Binary Tree Longest Consecutive Sequence LeetCode Solution

Table of Contents

Problem Statement

Binary Tree Longest Consecutive Sequence LeetCode Solution – Given the root of a binary tree, return the length of the longest consecutive sequence path.

The path refers to any sequence of nodes from some starting node to any node in the tree along with the parent-child connections. The longest consecutive path needs to be from parent to child (cannot be the reverse).

Input: root = [1,null,3,2,4,null,null,null,5]
Output: 3
Explanation:

Longest consecutive

 sequence path is 3-4-5, so return 3.

Explanation For Binary Tree Longest Consecutive Sequence

Just very intuitive depth-first search, send cur node value to the next level and compare it with the next level node.

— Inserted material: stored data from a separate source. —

text \<open>The rate is monotone in the received power \<Sum>k. h k p k, so the problem is a linear
  programme.  If only user i transmits, its power is limited
  by Pmax i and by the tightest interference constraint m', i.e. by min over m of
  Gam m / g i m.  Sufficiency: when this minimum is attained below Pmax i and user i has the
  best ratio h / g at m', the m'-th interference constraint alone bounds the received power
  of every feasible vector by (h i / g i m') Gam m'.  Necessity: at an optimal single-user
  point some interference constraint must be active, since otherwise another user could be
  switched on with a little power; for almost every channel the ratios Gam m / g i m are
  pairwise distinct, so only m' is active, and then shifting power from user i to a user j
  with a better ratio h j / g j m' keeps constraint m' tight, leaves slack in the others
  and strictly increases the received power.  The exceptional channels lie in finitely many
  hyperplanes, a Lebesgue null set.\<close>

lemma sum_mult_delta:
  fixes f :: "'k::finite \<Rightarrow> 'a::comm_semiring_1"
  shows "(\<Sum>k\<in>UNIV. f k * (if k = i then a else 0)) = f i * a"
  by (simp add: if_distrib[of "\<lambda>x. _ * x"] cong: if_cong)

lemma sum_mult_delta2:
  fixes f :: "'k::finite \<Rightarrow> 'a::comm_semiring_1"
  assumes "i \<noteq> j"
  shows "(\<Sum>k\<in>UNIV. f k * (if k = i then a else if k = j then b else 0)) = f i * a + f j * b"
  using assms by (simp add: if_distrib[of "\<lambda>x. _ * x"] sum.If_cases cong: if_cong)

lemma rate_le_rate_iff:
  assumes "\<forall>k. 0 \<le> h $ k" "\<forall>k. 0 \<le> q $ k" "\<forall>k. 0 \<le> p $ k"
  shows "rate h q \<le> rate h p \<longleftrightarrow> (\<Sum>k\<in>UNIV. h $ k * q $ k) \<le> (\<Sum>k\<in>UNIV. h $ k * p $ k)"
proof -
  have "0 \<le> (\<Sum>k\<in>UNIV. h $ k * q $ k)" "0 \<le> (\<Sum>k\<in>UNIV. h $ k * p $ k)"
    using assms by (auto intro!: sum_nonneg)
  then show ?thesis
    unfolding rate_def by simp
qed

lemma eventually_at_right_0_affine_less:
  fixes a b c :: real
  assumes "a < b"
  shows "\<forall>\<^sub>F \<delta> in at_right 0. a + c * \<delta> < b"
proof -
  have "((\<lambda>\<delta>. a + c * \<delta>) \<longlongrightarrow> a + c * 0) (at_right 0)"
    by (intro tendsto_intros)
  then show ?thesis
    using assms by (auto dest: order_tendstoD)
qed

lemma ex_pos_at_right_0:
  assumes "\<forall>\<^sub>F \<delta> in at_right (0::real). P \<delta>"
  shows "\<exists>\<delta>>0. P \<delta>"
proof -
  have "\<forall>\<^sub>F \<delta> in at_right 0. 0 < \<delta> \<and> P \<delta>"
    using eventually_at_right_less assms by (rule eventually_conj)
  from eventually_happens[OF this] show ?thesis
    using trivial_limit_at_right_real by auto
qed

lemma received_power_le_interference:
  assumes "\<forall>k. h $ k \<le> r * g $ k $ m" "0 \<le> r" "feasible Pmax Gam g q"
  shows "(\<Sum>k\<in>UNIV. h $ k * q $ k) \<le> r * Gam $ m"
proof -
  have q_nonneg: "0 \<le> q $ k" for k
    using assms(3) by (simp add: feasible_def)
  have "h $ k * q $ k \<le> r * g $ k $ m * q $ k" for k
    using assms(1) q_nonneg by (simp add: mult_right_mono)
  then have "(\<Sum>k\<in>UNIV. h $ k * q $ k) \<le> (\<Sum>k\<in>UNIV. r * (g $ k $ m * q $ k))"
    by (intro sum_mono) (simp add: mult.assoc)
  also have "\<dots> = r * (\<Sum>k\<in>UNIV. g $ k $ m * q $ k)"
    by (simp add: sum_distrib_left)
  also have "\<dots> \<le> r * Gam $ m"
    using assms(2,3) by (intro mult_left_mono) (auto simp: feasible_def)
  finally show ?thesis .
qed

lemma dtdma_power_optimal:
  assumes h: "\<forall>k. 0 \<le> h $ k" and g: "\<forall>k m. 0 < g $ k $ m"
    and Gam: "\<forall>m. 0 \<le> Gam $ m" and Pmax: "\<forall>k. 0 \<le> Pmax $ k"
    and cond: "dtdma_cond Pmax Gam h g i m'"
  shows "optimal Pmax Gam h g (dtdma_power Gam g i m')"
proof -
  define c where "c = Gam $ m' / g $ i $ m'"
  define p where "p = dtdma_power Gam g i m'"
  have p: "p $ k = (if k = i then c else 0)" for k
    by (simp add: p_def dtdma_power_def c_def)
  have c_nonneg: "0 \<le> c"
    using Gam g by (simp add: c_def less_imp_le)
  have "c \<le> Gam $ m / g $ i $ m" for m
    using cond by (simp add: dtdma_cond_def c_def)
  then have "g $ i $ m * c \<le> Gam $ m" for m
    using g by (simp add: le_divide_eq mult.commute)
  moreover have "c \<le> Pmax $ i"
    using cond by (simp add: dtdma_cond_def c_def)
  ultimately have feasible_p: "feasible Pmax Gam g p"
    using c_nonneg Pmax by (simp add: feasible_def p sum_mult_delta)
  have best_ratio: "h $ k \<le> h $ i / g $ i $ m' * g $ k $ m'" for k
  proof (cases "k = i")
    case False
    then have "h $ k / g $ k $ m' \<le> h $ i / g $ i $ m'"
      using cond by (simp add: dtdma_cond_def)
    then show ?thesis
      using g by (simp add: divide_le_eq)
  qed (use g[rule_format, of i m'] in simp)
  have "rate h q \<le> rate h p" if "feasible Pmax Gam g q" for q
  proof -
    have "(\<Sum>k\<in>UNIV. h $ k * q $ k) \<le> h $ i / g $ i $ m' * Gam $ m'"
      using best_ratio h g that by (intro received_power_le_interference) (auto simp: less_imp_le)
    also have "\<dots> = (\<Sum>k\<in>UNIV. h $ k * p $ k)"
      by (simp add: p sum_mult_delta c_def)
    finally show ?thesis
      using that h c_nonneg by (subst rate_le_rate_iff) (auto simp: feasible_def p)
  qed
  with feasible_p show ?thesis
    by (simp add: optimal_def p_def)
qed

lemma feasible_Pmax_nonneg:
  assumes "feasible Pmax Gam g p"
  shows "0 \<le> Pmax $ k"
  using assms unfolding feasible_def by (meson order_trans)

lemma feasible_single_userD:
  assumes "feasible Pmax Gam g p" "single_user p i"
  shows "p $ i \<le> Pmax $ i" "g $ i $ m * p $ i \<le> Gam $ m"
proof -
  have "(\<Sum>k\<in>UNIV. g $ k $ m * p $ k) = (\<Sum>k\<in>UNIV. g $ k $ m * (if k = i then p $ i else 0))"
    using assms(2) unfolding single_user_def by (intro sum.cong) auto
  also have "\<dots> = g $ i $ m * p $ i"
    by (rule sum_mult_delta)
  finally show "p $ i \<le> Pmax $ i" "g $ i $ m * p $ i \<le> Gam $ m"
    using assms(1) unfolding feasible_def by metis+
qed

lemma optimal_single_user_dominates:
  assumes "\<forall>k. 0 \<le> h $ k" "optimal Pmax Gam h g p" "single_user p i" "feasible Pmax Gam g q"
  shows "(\<Sum>k\<in>UNIV. h $ k * q $ k) \<le> h $ i * p $ i"
proof -
  have p: "p $ k = (if k = i then p $ i else 0)" for k
    using assms(3) by (simp add: single_user_def)
  have "rate h q \<le> rate h p"
    using assms(2,4) by (simp add: optimal_def)
  then have "(\<Sum>k\<in>UNIV. h $ k * q $ k) \<le> (\<Sum>k\<in>UNIV. h $ k * p $ k)"
    using assms by (subst (asm) rate_le_rate_iff) (auto simp: feasible_def optimal_def)
  also have "\<dots> = h $ i * p $ i"
    by (subst p) (simp add: sum_mult_delta)
  finally show ?thesis .
qed

lemma optimal_single_user_active_constraint:
  assumes h: "\<forall>k. 0 \<le> h $ k" and opt: "optimal Pmax Gam h g p" and su: "single_user p i"
    and j: "j \<noteq> i" "0 < h $ j" "0 < Pmax $ j"
  shows "\<exists>m. g $ i $ m * p $ i = Gam $ m"
proof (rule ccontr)
  assume inactive: "\<nexists>m. g $ i $ m * p $ i = Gam $ m"
  have "feasible Pmax Gam g p"
    using opt by (simp add: optimal_def)
  then have "g $ i $ m * p $ i \<le> Gam $ m" for m
    using su by (rule feasible_single_userD)
  with inactive have slack: "g $ i $ m * p $ i < Gam $ m" for m
    by (simp add: order_le_less)
  note Pmax = feasible_Pmax_nonneg[OF \<open>feasible Pmax Gam g p\<close>]
  have "\<forall>\<^sub>F \<delta> in at_right 0.
      0 + 1 * \<delta> < Pmax $ j \<and> (\<forall>m. g $ i $ m * p $ i + g $ j $ m * \<delta> < Gam $ m)"
    using j slack
    by (intro eventually_conj eventually_all_finite allI eventually_at_right_0_affine_less)
  then obtain \<delta> where \<delta>: "0 < \<delta>" "\<delta> < Pmax $ j"
      "\<forall>m. g $ i $ m * p $ i + g $ j $ m * \<delta> < Gam $ m"
    using ex_pos_at_right_0 by force
  define q where "q = (\<chi> k. if k = i then p $ i else if k = j then \<delta> else 0)"
  have q: "q $ k = (if k = i then p $ i else if k = j then \<delta> else 0)" for k
    by (simp add: q_def)
  have "feasible Pmax Gam g q"
    using \<open>feasible Pmax Gam g p\<close> \<delta> Pmax slack
    unfolding feasible_def q sum_mult_delta2[OF j(1)[symmetric]] by (auto simp: less_imp_le)
  then have "(\<Sum>k\<in>UNIV. h $ k * q $ k) \<le> h $ i * p $ i"
    by (rule optimal_single_user_dominates[OF h opt su])
  then have "h $ i * p $ i + h $ j * \<delta> \<le> h $ i * p $ i"
    by (simp only: q sum_mult_delta2[OF j(1)[symmetric]])
  moreover have "0 < h $ j * \<delta>"
    using \<delta> j by simp
  ultimately show False
    by simp
qed

lemma optimal_single_user_best_ratio:
  assumes h: "\<forall>k. 0 \<le> h $ k" and opt: "optimal Pmax Gam h g p" and su: "single_user p i"
    and j: "j \<noteq> i" "0 < Pmax $ j" "0 \<le> g $ j $ m'"
    and gim': "0 < g $ i $ m'"
    and active: "g $ i $ m' * p $ i = Gam $ m'"
    and slack: "\<forall>m. m \<noteq> m' \<longrightarrow> g $ i $ m * p $ i < Gam $ m"
  shows "h $ j / g $ j $ m' \<le> h $ i / g $ i $ m'"
proof (rule ccontr)
  assume "\<not> ?thesis"
  then have ratio: "h $ i / g $ i $ m' < h $ j / g $ j $ m'"
    by simp
  have gjm': "0 < g $ j $ m'"
  proof (rule ccontr)
    assume "\<not> 0 < g $ j $ m'"
    with j(3) ratio divide_nonneg_pos[OF h[rule_format, of i] gim'] show False
      by simp
  qed
  define c where "c = g $ j $ m' / g $ i $ m'"
  have "h $ i / g $ i $ m' * g $ j $ m' < h $ j"
    using ratio gjm' by (simp add: less_divide_eq)
  then have better: "h $ i * c < h $ j"
    by (simp add: c_def)
  have c: "0 \<le> c"
    using gim' gjm' by (simp add: c_def)
  have feasible_p: "feasible Pmax Gam g p"
    using opt by (simp add: optimal_def)
  note Pmax = feasible_Pmax_nonneg[OF feasible_p]
  have "g $ i $ m' * (p $ i - \<delta> * c) + g $ j $ m' * \<delta> = Gam $ m'" for \<delta>
    using active gim' by (simp add: c_def algebra_simps)
  then have interference:
    "\<forall>\<^sub>F \<delta> in at_right 0. g $ i $ m * (p $ i - \<delta> * c) + g $ j $ m * \<delta> \<le> Gam $ m" for m
  proof (cases "m = m'")
    case False
    have "\<forall>\<^sub>F \<delta> in at_right 0. g $ i $ m * p $ i + (g $ j $ m - g $ i $ m * c) * \<delta> < Gam $ m"
      using slack False by (intro eventually_at_right_0_affine_less) simp
    then show ?thesis
      by eventually_elim (simp add: algebra_simps)
  qed simp
  have "0 < p $ i"
    using su by (simp add: single_user_def)
  then have "\<forall>\<^sub>F \<delta> in at_right 0. 0 + 1 * \<delta> < Pmax $ j \<and> 0 + c * \<delta> < p $ i \<and>
      (\<forall>m. g $ i $ m * (p $ i - \<delta> * c) + g $ j $ m * \<delta> \<le> Gam $ m)"
    using j(2) interference
    by (intro eventually_conj eventually_all_finite eventually_at_right_0_affine_less allI) simp_all
  then obtain \<delta> where "0 < \<delta>" and
      "0 + 1 * \<delta> < Pmax $ j \<and> 0 + c * \<delta> < p $ i \<and>
        (\<forall>m. g $ i $ m * (p $ i - \<delta> * c) + g $ j $ m * \<delta> \<le> Gam $ m)"
    using ex_pos_at_right_0 by blast
  then have \<delta>: "0 < \<delta>" "\<delta> < Pmax $ j" "0 \<le> p $ i - \<delta> * c"
      "\<forall>m. g $ i $ m * (p $ i - \<delta> * c) + g $ j $ m * \<delta> \<le> Gam $ m"
    by (simp_all add: mult.commute)
  define q where "q = (\<chi> k. if k = i then p $ i - \<delta> * c else if k = j then \<delta> else 0)"
  have q: "q $ k = (if k = i then p $ i - \<delta> * c else if k = j then \<delta> else 0)" for k
    by (simp add: q_def)
  have "0 \<le> \<delta> * c"
    using \<delta>(1) c by simp
  then have "p $ i - \<delta> * c \<le> Pmax $ i"
    using feasible_single_userD(1)[OF feasible_p su] by linarith
  then have "feasible Pmax Gam g q"
    using \<delta> Pmax unfolding feasible_def q sum_mult_delta2[OF j(1)[symmetric]]
    by (auto simp: less_imp_le)
  then have "(\<Sum>k\<in>UNIV. h $ k * q $ k) \<le> h $ i * p $ i"
    by (rule optimal_single_user_dominates[OF h opt su])
  then have "h $ i * (p $ i - \<delta> * c) + h $ j * \<delta> \<le> h $ i * p $ i"
    by (simp only: q sum_mult_delta2[OF j(1)[symmetric]])
  then have "h $ j * \<delta> \<le> h $ i * c * \<delta>"
    by (simp add: algebra_simps)
  with \<delta>(1) better show False
    by simp
qed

Code for Binary Tree Longest Consecutive Sequence LeetCode Solution

C++ Code

class Solution {
public:
    int longestConsecutive(TreeNode* root) {
        return search(root, nullptr, 0);
    }
    
    int search(TreeNode *root, TreeNode *parent, int len) {
        if (!root) return len;
        len = (parent && root->val == parent->val + 1)?len+1:1;
        return max(len, max(search(root->left, root, len), search(root->right, root, len)));
    }
};

Java Code

public class Solution {
    private int max = 0;
    public int longestConsecutive(TreeNode root) {
        if(root == null) return 0;
        helper(root, 0, root.val);
        return max;
    }
    
    public void helper(TreeNode root, int cur, int target){
        if(root == null) return;
        if(root.val == target) cur++;
        else cur = 1;
        max = Math.max(cur, max);
        helper(root.left, cur, root.val + 1);
        helper(root.right, cur, root.val + 1);
    }
}

Python Code

class Solution:
     def longestConsecutive(self, root: TreeNode) -> int:
        def longest_path(root):
            if not root:
                return 0
            length = 1
            l = longest_path(root.left)
            r = longest_path(root.right)
            if root.left and root.left.val == root.val + 1:
                length = max(length, 1 + l)
            if root.right and root.right.val == root.val + 1:
                length = max(length, 1 + r)
            res[0] = max(res[0], length)
            return length
        
        res = [0]
        longest_path(root)
        return res[0]

Complexity Analysis For Binary Tree Longest Consecutive Sequence

Time Complexity: O(n) DFS traversal of a binary tree with n nodes takes O(n) time.

Space Complexity: O(1) no extra space is used.

Reference: https://en.wikipedia.org/wiki/Depth-first_search